The U.S. Supreme Court's decision last week declaring the unconstitutionality of the Defense of Marriage Act (DOMA) will have significant estate and long-term care planning impacts for gay and lesbian couples who choose to marry, most positive and few negative.
The decision makes it very clear that the federal government can no longer discriminate against married couples for being gay or lesbian. This opens the door to spousal benefits under Social Security, the Veterans Administration, federal pensions, the INS and the IRS.
One of the cases before the Supreme Court (Windsor, No. 12-307 (U.S. 2013)) in fact involved a challenge brought by a widow to an estate tax due on her wife's estate which would not have been owed had the IRS permitted her to take the marital deduction which exempts all property passing to a surviving spouse from estate taxation. The ruling last week saves her $363,053 in estate taxes. (This no doubt would not be owed in any case if the spouse had passed away now since the estate tax threshold has been raised to $5.25 million, but this important decision will same many wealth widows and widowers from paying taxes and will protect non-citizen gay and lesbian spouses at much lower levels of wealth as long as they do the necessary advance planning.)
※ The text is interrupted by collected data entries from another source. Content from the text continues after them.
(* Let $\Delta$ be an isosceles triangle with side lengths $(2,2,1)$, and let $\rho_\diamond=\rho(\tfrac12,\sqrt3)$. Then $\Delta$ can be domed if and only if $\rho_\diamond$ can be domed.
   Context: Closed polygons with integer side lengths are regarded as closed polygons with unit edges by subdividing each side of length $k$ into $k$ collinear unit segments (so $\Delta$ has $5$ unit edges). A unit rhombus $\rho(a,b)$ is a closed polygon $[v_1v_2v_3v_4]$ in $\mathbb{R}^3$ with four sides of length $1$ and $|v_1v_3|=a$, $|v_2v_4|=b$. A closed polygon with unit edges can be domed if there is a finite connected 2-dimensional simplicial complex which is a compact surface with a single boundary cycle, with a map to $\mathbb{R}^3$ linear on simplices sending each triangle to a unit equilateral triangle and the boundary cycle onto the polygon vertex by vertex in cyclic order. *)

theory Defs
  imports "HOL-Analysis.Analysis"
begin

text \<open>A finite 2-dimensional simplicial complex is given by its set of triangles
  (3-element vertex sets; vertices are natural numbers, which is no loss of generality
  for a finite complex). Every vertex and edge lies in a triangle (purity).\<close>

definition cx_vertices :: "nat set set \<Rightarrow> nat set" where
  "cx_vertices T = \<Union>T"

definition cx_edges :: "nat set set \<Rightarrow> nat set set" where
  "cx_edges T = {e. card e = 2 \<and> (\<exists>t\<in>T. e \<subseteq> t)}"

definition cx_boundary_edges :: "nat set set \<Rightarrow> nat set set" where
  "cx_boundary_edges T = {e \<in> cx_edges T. card {t \<in> T. e \<subseteq> t} = 1}"

definition link_vertices :: "nat set set \<Rightarrow> nat \<Rightarrow> nat set" where
  "link_vertices T v = \<Union>{t - {v} | t. t \<in> T \<and> v \<in> t}"
lemma nc_finite_lift_word: "nc_finite (lift_word w :: 'k::field nc)"
proof (induction w)
  case (Cons a w)
  have "nc_finite (lift_letter a :: 'k nc)"
    by (cases a) (simp_all add: nc_finite_ad_x1_pow nc_finite_letter)
  with Cons.IH show ?case by (simp add: nc_finite_mul)
qed (simp add: nc_finite_one)

lemma nc_linear_lift: "nc_linear nc_lift"
  unfolding nc_lift_def by (rule nc_linear_linext_map) (rule nc_finite_lift_word)

lemmas nc_lift_add = nc_linear_add[OF nc_linear_lift]
  and nc_lift_diff = nc_linear_diff[OF nc_linear_lift]
  and nc_lift_smult = nc_linear_smult[OF nc_linear_lift]
  and nc_lift_zero = nc_linear_zero[OF nc_linear_lift]
  and nc_lift_sum = nc_linear_sum[OF nc_linear_lift]

lemma lift_word_append: "lift_word (u @ v) = nc_mul (lift_word u) (lift_word v)"
  by (induction u) (simp_all add: nc_mul_assoc)

lemma nc_lift_mul:
  assumes p: "nc_finite p" and q: "nc_finite q"
  shows "nc_lift (nc_mul p q) = nc_mul (nc_lift p) (nc_lift q)"
proof -
  have "nc_lift (nc_mul p q) = nc_linext (\<lambda>u. nc_linext (\<lambda>v. lift_word (u @ v)) q) p"
    unfolding nc_lift_def by (rule nc_linext_mul[OF p q])
  also have "\<dots> = nc_mul (nc_lift p) (nc_lift q)"
    by (simp only: lift_word_append nc_lift_def flip: nc_mul_linext_right nc_mul_linext_left)
  finally show ?thesis .
qed

lemma nc_lift_letter: "nc_lift (letter a) = lift_letter a"
  unfolding nc_lift_def letter_eq_monom nc_linext_monom by simp

lemma nc_lift_bracket:
  "nc_finite p \<Longrightarrow> nc_finite q \<Longrightarrow> nc_lift (nc_bracket p q) = nc_bracket (nc_lift p) (nc_lift q)"
  unfolding nc_bracket_def by (rule ext) (simp add: nc_lift_diff nc_finite_mul nc_lift_mul)

lemma nc_lift_in_free_lie:
  assumes g: "g \<ge> 1"
  shows "m \<in> lie_span (target_letters g) \<Longrightarrow> nc_lift m \<in> (free_lie g :: 'k::field nc set)"
proof (induction rule: lie_span.induct)
  case (lie_span_letter a)
  then show ?case
    using g by (auto simp: target_letters_def nc_lift_letter lift_letter_ad_x lift_letter_ad_y
        gens_def intro!: ad_x1_pow_in_free_lie fl_gen)
next
  case lie_span_zero
  then show ?case by (simp add: nc_lift_zero fl_zero)
next
  case (lie_span_add p q)
  then show ?case
    using fl_add[of "nc_lift p" g "nc_lift q"] by (simp add: nc_lift_add lie_span_finite nc_add_def)
next
  case (lie_span_smult p c)
  then show ?case
    using fl_smult[of "nc_lift p" g c] by (simp add: nc_lift_smult lie_span_finite nc_smult_def)
next
  case (lie_span_bracket p q)
  then show ?case by (simp add: nc_lift_bracket lie_span_finite fl_bracket)
qed

section \<open>A representation of \<open>t\<^sub>(\<^sub>g\<^sub>)(1)\<close> on the target algebra\<close>

fun letter_action :: "nat \<Rightarrow> gen \<Rightarrow> 'k::field nc \<Rightarrow> 'k nc" where
  "letter_action g (GX k) = (if k = 1 then nc_deriv g else nc_mul (letter (ad_x k 0)))"
| "letter_action g (GY k) = (if k = 1 then nc_mul (letter GT) else nc_mul (letter (ad_y k 0)))"
| "letter_action g GT = (\<lambda>f w. 0)"

fun word_action :: "nat \<Rightarrow> gen list \<Rightarrow> 'k::field nc \<Rightarrow> 'k nc" where
  "word_action g [] f = f"
| "word_action g (a # w) f = letter_action g a (word_action g w f)"

definition nc_action :: "nat \<Rightarrow> 'k::field nc \<Rightarrow> 'k nc \<Rightarrow> 'k nc" where
  "nc_action g p f = nc_linext (\<lambda>w. word_action g w f) p"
This decision will certainly make estate planning easier in states like Massachusetts that permit gays and lesbians to marry. They have already been subject to the same rules as male-female unions with respect to the Massachusetts estate tax and other laws. But up until now estate tax planning has had to take into account the different treatment under state and federal rules. No more.
Much less clear is the effect of the decision on state benefits, especially for couples who reside in states that don't permit gays and lesbians or who are entitled to benefits, such as public pensions, from such states. While in Windsor the Supreme Court declared DOMA to be unconstitutional, in its companion case (Hollingsworth, No. 12-144 (U.S. 2013)) it simply ruled that supporters of Proposition 8 that would ban gay marriage in California did not have standing to bring their appeal. This means that gays and lesbians in California may marry, but it says nothing about the right to marriage nationally. It appears that this will continue to be left up to state option.
But what about state benefits in states that bar gay and lesbian marriages? Article IV, Section 1, of the U.S. Constitution, known as the "full faith and credit clause" reads as follows:
Full faith and credit shall be given in each state to the public acts, records, and judicial proceedings of every other state. And the Congress may by general laws prescribe the manner in which such acts, records, and proceedings shall be proved, and the effect thereof.
This means that the laws of one state must be honored by other states. Presumably, this would mean that any marriage in any state should be honored in every other state and spouses should have the same benefits and obligations, no matter their sexual orientation. However, in what now seems like a different era, between 1996 and 2004 39 states passed laws stating that marriages are only between "one man and one woman" and in some cases explicitly stating that other marriages will not be honored. In those states, public officials will have to follow state laws until they are changed legislatively or by court order.
More complicated than purely state laws are programs such as Medicaid (MassHealth in Massachusetts) which are joint state and federal programs. This is especially important in the area of long-term care planning because Medicaid is the primary source of payment in the United States for both nursing home and at-home care. The Medicaid program has very specific eligibility rules for married couples which can be protective in some cases and force the spouse to provide support in others. These include:
While nursing home spouses in most states are limited to $2,000 in "countable" assets, their healthy spouse is limited to about $115,000. That limitation does not apply to unmarried partners. Depending on who has more assets, this may be protective or create a support obligation as the couple spends down to $117,000.
However, while most applicants for Medicaid coverage are barred from transferring assets to third parties in order to get down to $2,000, there are no restrictions on transfers between spouses.
There are special rules for protecting the family home for spouses which do not apply to those not treated as married.
For lower-income nursing home residents, spousal impoverishment protections permit the healthy spouse to keep some or all of the nursing home spouse's income. There is no such protection for unmarried partners.
Each state has its own Medicaid program which must comply with federal guidelines. If it does comply, the federal government pays half or more of the state's Medicaid expenditures. It seems now that the federal guidelines must honor gay and lesbian marriages for all states and those states that do not do so should lose their federal cost sharing. But then again, the state Medicaid officials may be bound by their state laws requiring that they do not honor such marriages. This is undoubtedly going to be resolved by litigation, perhaps reaching back up to the Supreme Court.